____ The records

(* Let $L\ge1$, $\delta>0$, $\lambda^0\in(0,\infty)^L$, continuous strictly increasing $c_1,\dots,c_L:[0,\infty)\to\mathbb{R}$, and for $m\in\mathbb{N}$ let $f_m,g_m:[0,\infty)^L\to\mathbb{R}$ be $$f_m(\beta)=\sum_{i=1}^L c_i(\beta_i)+\delta\Big(1-\prod_{i=1}^L\big(1-\tilde\alpha(\beta_i,m\lambda^0_i)\big)\Big),\quad g_m(\beta)=\sum_{i=1}^L c_i(\beta_i)+\delta\Big(1-\prod_{i=1}^L\big(1-UB(\beta_i,m\lambda^0_i)\big)\Big).$$ Suppose $\beta^F_m$ minimizes $f_m$ over $[0,\infty)^L$ and $\beta^G_m$ minimizes $g_m$ over $[0,\infty)^L$. Then $$\lim_{m\to\infty}\big(f_m(\beta^G_m)-f_m(\beta^F_m)\big)=0.$$
   Context: $\phi,\Phi$ are the standard normal density and distribution function. For $\lambda>0$ and real $n\ge 0$, $\bar\alpha(n,\lambda)=\min\Big\{1,\big[\lambda\int_0^\infty t e^{-\lambda t}(1+t)^{n-1}\,dt\big]^{-1}\Big\}$ is the continuous Erlang-C function, and $\tilde\alpha(\beta,\lambda)=\bar\alpha(\lambda+\beta\sqrt\lambda,\lambda)$. For $\lambda>0,\beta\ge 0$ set $n=\lambda+\beta\sqrt{\lambda}$, $\rho=\lambda/n$, $a=\sqrt{-2n(1-\rho+\ln\rho)}$, $\gamma=(n-\lambda)/\sqrt{n}$, and $UB(\beta,\lambda)=\left[\rho+\gamma\left(\frac{\Phi(a)}{\phi(a)}+\frac{2}{3\sqrt{n}}\right)\right]^{-1}$. It is known (Janssen, van Leeuwaarden and Zwart) that $\tilde\alpha(\beta,\lambda)\le UB(\beta,\lambda)$ for all $\lambda,\beta>0$. *)

theory Defs
  imports "HOL-Probability.Probability"
begin

definition std_phi :: "real \<Rightarrow> real" where
  "std_phi x = std_normal_density x"

definition std_Phi :: "real \<Rightarrow> real" where
  "std_Phi x = integral {..x} std_normal_density"

definition erlangC_bar :: "real \<Rightarrow> real \<Rightarrow> real" where
  "erlangC_bar n lam =
     min 1 (inverse (lam * integral {0..} (\<lambda>t. t * exp (- lam * t) * (1 + t) powr (n - 1))))"

definition erlangC_tilde :: "real \<Rightarrow> real \<Rightarrow> real" where
  "erlangC_tilde \<beta> lam = erlangC_bar (lam + \<beta> * sqrt lam) lam"

text \<open>The upper bound UB(beta, lambda) of Janssen, van Leeuwaarden and Zwart.\<close>
definition UB :: "real \<Rightarrow> real \<Rightarrow> real" where
  "UB \<beta> lam =
     (let n = lam + \<beta> * sqrt lam;
          \<rho> = lam / n;
          a = sqrt (- 2 * n * (1 - \<rho> + ln \<rho>));
          \<gamma> = (n - lam) / sqrt n
      in inverse (\<rho> + \<gamma> * (std_Phi a / std_phi a + 2 / (3 * sqrt n))))"

definition f_obj :: "('L::finite \<Rightarrow> real \<Rightarrow> real) \<Rightarrow> real \<Rightarrow> real^'L \<Rightarrow> nat \<Rightarrow> real^'L \<Rightarrow> real" where
  "f_obj c \<delta> lam0 m \<beta> =
     (\<Sum>i\<in>UNIV. c i (\<beta> $ i)) +
     \<delta> * (1 - (\<Prod>i\<in>UNIV. (1 - erlangC_tilde (\<beta> $ i) (real m * lam0 $ i))))"

definition g_obj :: "('L::finite \<Rightarrow> real \<Rightarrow> real) \<Rightarrow> real \<Rightarrow> real^'L \<Rightarrow> nat \<Rightarrow> real^'L \<Rightarrow> real" where
  "g_obj c \<delta> lam0 m \<beta> =
     (\<Sum>i\<in>UNIV. c i (\<beta> $ i)) +
     \<delta> * (1 - (\<Prod>i\<in>UNIV. (1 - UB (\<beta> $ i) (real m * lam0 $ i))))"

definition nonneg_orthant :: "(real^'L::finite) set" where
  "nonneg_orthant = {\<beta>. \<forall>i. 0 \<le> \<beta> $ i}"

end

theory Submission
  imports Defs
begin

text \<open>In the Halfin-Whitt regime \<open>lam \<longrightarrow> \<infinity>\<close>, \<open>\<beta> \<longrightarrow> \<beta>\<^sub>\<infinity>\<close>, both the
  continuous Erlang-C function \<open>erlangC_tilde \<beta> lam\<close> and its upper bound \<open>UB \<beta> lam\<close> converge to
  \<open>1 / (1 + \<beta>\<^sub>\<infinity> * W \<beta>\<^sub>\<infinity>)\<close> with \<open>W = \<Phi> / \<phi>\<close>: for \<open>erlangC_tilde\<close> after substituting
  \<open>t = s / sqrt lam\<close> in its integral and applying dominated convergence, for \<open>UB\<close> directly from
  its closed form. For \<open>\<beta> \<longrightarrow> \<infinity>\<close> both vanish. A subsequence argument combining the two cases
  shows \<open>UB - erlangC_tilde \<longrightarrow> 0\<close> along every sequence of parameters \<open>\<beta>\<^sub>m \<ge> 0\<close>,
  \<open>lam\<^sub>m = m * lam0\<close>, hence \<open>f\<^sub>m - g\<^sub>m \<longrightarrow> 0\<close> along every sequence of points. Optimality of
  \<open>\<beta>\<^sup>F\<close> and \<open>\<beta>\<^sup>G\<close> then squeezes
  \<open>0 \<le> f\<^sub>m \<beta>\<^sup>G - f\<^sub>m \<beta>\<^sup>F \<le> (f\<^sub>m - g\<^sub>m) \<beta>\<^sup>G - (f\<^sub>m - g\<^sub>m) \<beta>\<^sup>F\<close>.\<close>

lemma nonneg_if_deriv_nonneg:
  fixes F F' :: "real \<Rightarrow> real"
  assumes "F 0 = 0" "\<And>x. x \<ge> 0 \<Longrightarrow> (F has_real_derivative F' x) (at x)"
    "\<And>x. x \<ge> 0 \<Longrightarrow> F' x \<ge> 0" "x \<ge> 0"
  shows "F x \<ge> 0"
  using DERIV_nonneg_imp_nondecreasing[OF \<open>x \<ge> 0\<close>, of F] assms by auto

lemma ln_add_one_ge_quadratic:
  fixes x :: real assumes "x \<ge> 0" shows "x - x^2/2 \<le> ln (1+x)"
  using nonneg_if_deriv_nonneg[where F="\<lambda>x. ln (1+x) - x + x^2/2" and F'="\<lambda>x. x^2/(1+x)"] assms
  by (force intro!: derivative_eq_intros simp: field_simps power2_eq_square)

lemma ln_add_one_le_cubic:
  fixes x :: real assumes "x \<ge> 0" shows "ln (1+x) \<le> x - x^2/2 + x^3/3"
  using nonneg_if_deriv_nonneg[where F="\<lambda>x. x - x^2/2 + x^3/3 - ln (1+x)" and F'="\<lambda>x. x^3/(1+x)"] assms
  by (force intro!: derivative_eq_intros simp: field_simps power2_eq_square power3_eq_cube)

lemma ln_add_one_le_rational:
  fixes x :: real assumes "x \<ge> 0" shows "ln (1+x) \<le> x - x^2/(2*(1+x))"
proof -
  have "((\<lambda>x. x - x^2/(2*(1+x)) - ln (1+x)) has_real_derivative x^2/(2*(1+x)^2)) (at x)"
    if "x \<ge> 0" for x :: real
    using that
    apply (intro derivative_eq_intros)
         apply (rule refl | simp)+
    apply (simp add: divide_simps)
    apply (simp add: algebra_simps power2_eq_square)
    done
  then show ?thesis
    using nonneg_if_deriv_nonneg[where F="\<lambda>x. x - x^2/(2*(1+x)) - ln (1+x)"] assms by force
qed

lemma mult_ln_add_one_ge:
  fixes u :: real assumes "u \<ge> 0" shows "u \<le> (1+u) * ln (1+u)"
  using nonneg_if_deriv_nonneg[where F="\<lambda>u. (1+u) * ln (1+u) - u" and F'="\<lambda>u. ln (1+u)"] assms
  by (force intro!: derivative_eq_intros)

section \<open>The ratio \<open>\<Phi> / \<phi>\<close>\<close>

text \<open>\<open>gauss_W = std_Phi / std_phi\<close> (lemma \<open>std_Phi_div_std_phi\<close>), written as an integral over
  \<open>[0, \<infinity>)\<close> so that dominated convergence applies to it.\<close>
definition gauss_W :: "real \<Rightarrow> real" where
  "gauss_W a = (LINT s:{0..}|lborel. exp (a * s - s^2/2))"

lemma exp_affine_quadratic_eq_normal_density:
  fixes a s :: real
  shows "exp (a * s - s^2/2) = exp (a^2/2) * sqrt (2*pi) * normal_density a 1 s"
proof -
  have "exp (a^2/2) * exp (-((s - a)^2)/2) = exp (a * s - s^2/2)"
    by (subst exp_add[symmetric]) (simp add: power2_eq_square field_simps)
  then show ?thesis unfolding normal_density_def by simp
qed

lemma set_integrable_exp_affine_quadratic:
  fixes a :: real shows "set_integrable lborel {0..} (\<lambda>s. exp (a * s - s^2/2))"
  unfolding set_integrable_def
  by (intro integrable_mult_indicator) (auto simp: exp_affine_quadratic_eq_normal_density)

lemma set_integrable_mult_exp_affine_quadratic:
  fixes a :: real shows "set_integrable lborel {0..} (\<lambda>s. s * exp (a * s - s^2/2))"
proof -
  have "integrable lborel (\<lambda>s. exp (a^2/2) * sqrt (2*pi) * (normal_density a 1 s * s))"
    using integrable_normal_moment_nz_1[of 1 a] by (simp del: integrable_mult_left_iff)
  then have "integrable lborel (\<lambda>s. s * exp (a * s - s^2/2))"
    unfolding exp_affine_quadratic_eq_normal_density by (simp add: mult_ac)
  then show ?thesis
    unfolding set_integrable_def by (intro integrable_mult_indicator) auto
qed

lemma set_integrable_power_exp_neg:
  "set_integrable lborel {0..} (\<lambda>s::real. s^k * exp (- s))"
proof -
  have "(\<integral>\<^sup>+ x. ennreal (norm (indicator {0..} x *\<^sub>R ((x::real)^k * exp (-x)))) \<partial>lborel)
      = (\<integral>\<^sup>+ x. ennreal (erlang_density 0 1 x * x ^ k) \<partial>lborel)"
    by (rule nn_integral_cong) (auto simp: erlang_density_def indicator_def abs_mult)
  also have "\<dots> = ennreal (fact k)"
    using nn_integral_erlang_ith_moment[of 1 0 k] by simp
  finally show ?thesis
    unfolding set_integrable_def by (subst integrable_iff_bounded) auto
qed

________

■ Your instructions ■
Go through the material above, and wherever a line holds the word "every", copy it.

■ Answer section ■
  shows \<open>UB - erlangC_tilde \<longrightarrow> 0\<close> along every sequence of parameters \<open>\<beta>\<^sub>m \<ge> 0\<close>,
  \<open>lam\<^sub>m = m * lam0\<close>, hence \<open>f\<^sub>m - g\<^sub>m \<longrightarrow> 0\<close> along every sequence of points. Optimality of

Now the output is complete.